Custardguts, Sep 21 2009
  

       [-] half-baked (can't remember what stories this has been in) cruel, and the only entertainment would be if you got a "ball" capable of taking feet off at the ankle.   

       the only realistic interpretation would be sheep dogs trying to herd their charges through gates (which I imagine is quite baked and icinged)
FlyingToaster, Sep 21 2009
  

       Great - kick an animal around and call it sport - ho ho bone.
xenzag, Sep 21 2009
  

       At least the gerbils and ducks have been spared for a change. They get shit on all the time here. Them and the poor pigeons. Poor little pigeons.
blissmiss, Sep 21 2009
  

       I like pigeons. Always have. In fact I prefer the company of pigeons to that of most people.
xenzag, Sep 21 2009
  

       I suppose the animals discomfort is limited to being digruntled. I'd like to see or do this when drunk with me mates but on this sober early morning I feel I have to vote no.
zeno, Sep 22 2009
  

       This idea didn't immediately paint a picture of actually kicking the badger in my mind, I would like to assume that the game would actually be competitive, non-contact, badger herding.
Still not especially fun though.
kaz, Sep 23 2009
  

       " competitive, non-contact, badger herding "   

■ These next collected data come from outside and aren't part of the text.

(* Let $D$ be a bilateral negotiation domain with a finite offer space $\Omega$, utility functions $u_1,u_2:\Omega\to\mathbb{R}$ and reservation values $rv_1,rv_2\in\mathbb{R}$, and consider negotiation over $D$ under the alternating offers protocol with deadline $T$. If $T$ is sufficiently large, then for every offer $\omega\in\Omega$ that is Pareto-optimal and individually rational there exists a pair of negotiation strategies $(\sigma_1,\sigma_2)$ that forms a Nash equilibrium, and this pair leads to the negotiation ending in agreement on $\omega$ or on another offer $\hat\omega\in\Omega$ with exactly the same utility vector, i.e. $u_i(\omega)=u_i(\hat\omega)$ for both $i\in\{1,2\}$.
   Context: A bilateral negotiation domain consists of a set $\Omega$ of offers, and for each agent $i\in\{1,2\}$ a utility function $u_i:\Omega\to\mathbb{R}$ and a reservation value $rv_i\in\mathbb{R}$ (no discounting). A negotiation action is a tuple $(i,\tau,\omega,t)$ with $i\in\{1,2\}$ the acting agent, $\tau\in\{\text{propose},\text{accept}\}$, $\omega\in\Omega$ and time $t\ge 0$. Under the alternating offers protocol with deadline $T$, agent 1 acts first and the agents alternate; after each action $(i_j,\tau_j,\omega_j,t_j)$ a random positive delay $\varepsilon_j$ occurs before it is received by the other agent, and the next action must satisfy $t_j+\varepsilon_j<t_{j+1}$; an acceptance may only accept the offer in the immediately preceding proposal and ends the negotiation; all actions occur at times $\le T$. The negotiation ends in agreement on $\omega_k$ if its last action $(i_k,\tau_k,\omega_k,t_k)$ is an acceptance with $t_k+\varepsilon_k<T$, in which case agent $i$ receives $u_i(\omega_k)$; otherwise it fails and agent $i$ receives $rv_i$. Each agent observes its own actions with their sending times and the other agent's actions with their reception times $t_j+\varepsilon_j$ (but not the delays themselves). A negotiation strategy for agent $i$ maps each observed history at which it is agent $i$'s turn to a legal action. A pair $(\sigma_1,\sigma_2)$ is a Nash equilibrium if no agent can increase its (expected) utility by switching to another strategy while the other agent keeps its strategy. An offer $\omega$ is individually rational if $u_i(\omega)>rv_i$ for both $i$. An offer $\omega'$ dominates $\omega$ if $u_i(\omega')\ge u_i(\omega)$ for both $i$ with strict inequality for at least one $i$; $\omega$ is Pareto-optimal if no offer in $\Omega$ dominates it.
   Formalization: The random delays $\varepsilon_j$ are almost surely bounded by a single constant: for some real Delta, with probability one every delay $\varepsilon_j$ lies in the interval (0, Delta]. Each condition added here is assumed in the paper as well or is needed for the statement above to hold. *)

theory Defs
  imports "HOL-Probability.Probability"
begin

text \<open>An action is a triple (type, offer, time); the acting agent is implicit in its index.
A delay realisation is a sequence eps :: nat => real, eps j being the delay of action j.\<close>

datatype act_type = Propose | Accept

type_synonym 'a action = "act_type \<times> 'a \<times> real"
type_synonym 'a strategy = "'a action list \<Rightarrow> 'a action"

definition a_type :: "'a action \<Rightarrow> act_type" where "a_type a = fst a"
definition a_offer :: "'a action \<Rightarrow> 'a" where "a_offer a = fst (snd a)"
definition a_time :: "'a action \<Rightarrow> real" where "a_time a = snd (snd a)"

       Sounds a lot like my job, and the engineers I work with.
normzone, Sep 23 2009
  

       No, that's cat-herding.
8th of 7, Sep 23 2009
  

       The idea is essentially non-contact badger herding. Contact is naturally physically disallowed by the presence of a badger, but is prohibited by rules as well. I apologise if that was not clear. I am disgusted by cruelty and the last thing I wanted was some form of modern Coliseum game. Cat-herding came to mind, but I was in favor of a sIower, more menacing animal than a cat. I imagined this almost as a form of muggle Quidditch with the badger replacing the snitch. The badger would be a revered part of the sport and the winning team would take the animal out for drinks after the game in appreciation.
jellydoughnut, Sep 24 2009
  

       Just because no kicking is involved, 22 blokes chasing a wild animal about is highly likely to scare the shit out of it!
Still cruel in my book, albeit less so than originally anticipated having only read the title.
MikeOliver, Sep 25 2009
  

       But what animal would they use in Indiana? And how boring would kicking around a buckeye nut be?
RayfordSteele, Sep 25 2009
  

       // invasive species //
What, like candiru?
BunsenHoneydew, Sep 27 2009
  

       Use a remote-controlled robot badger, with laser eyes.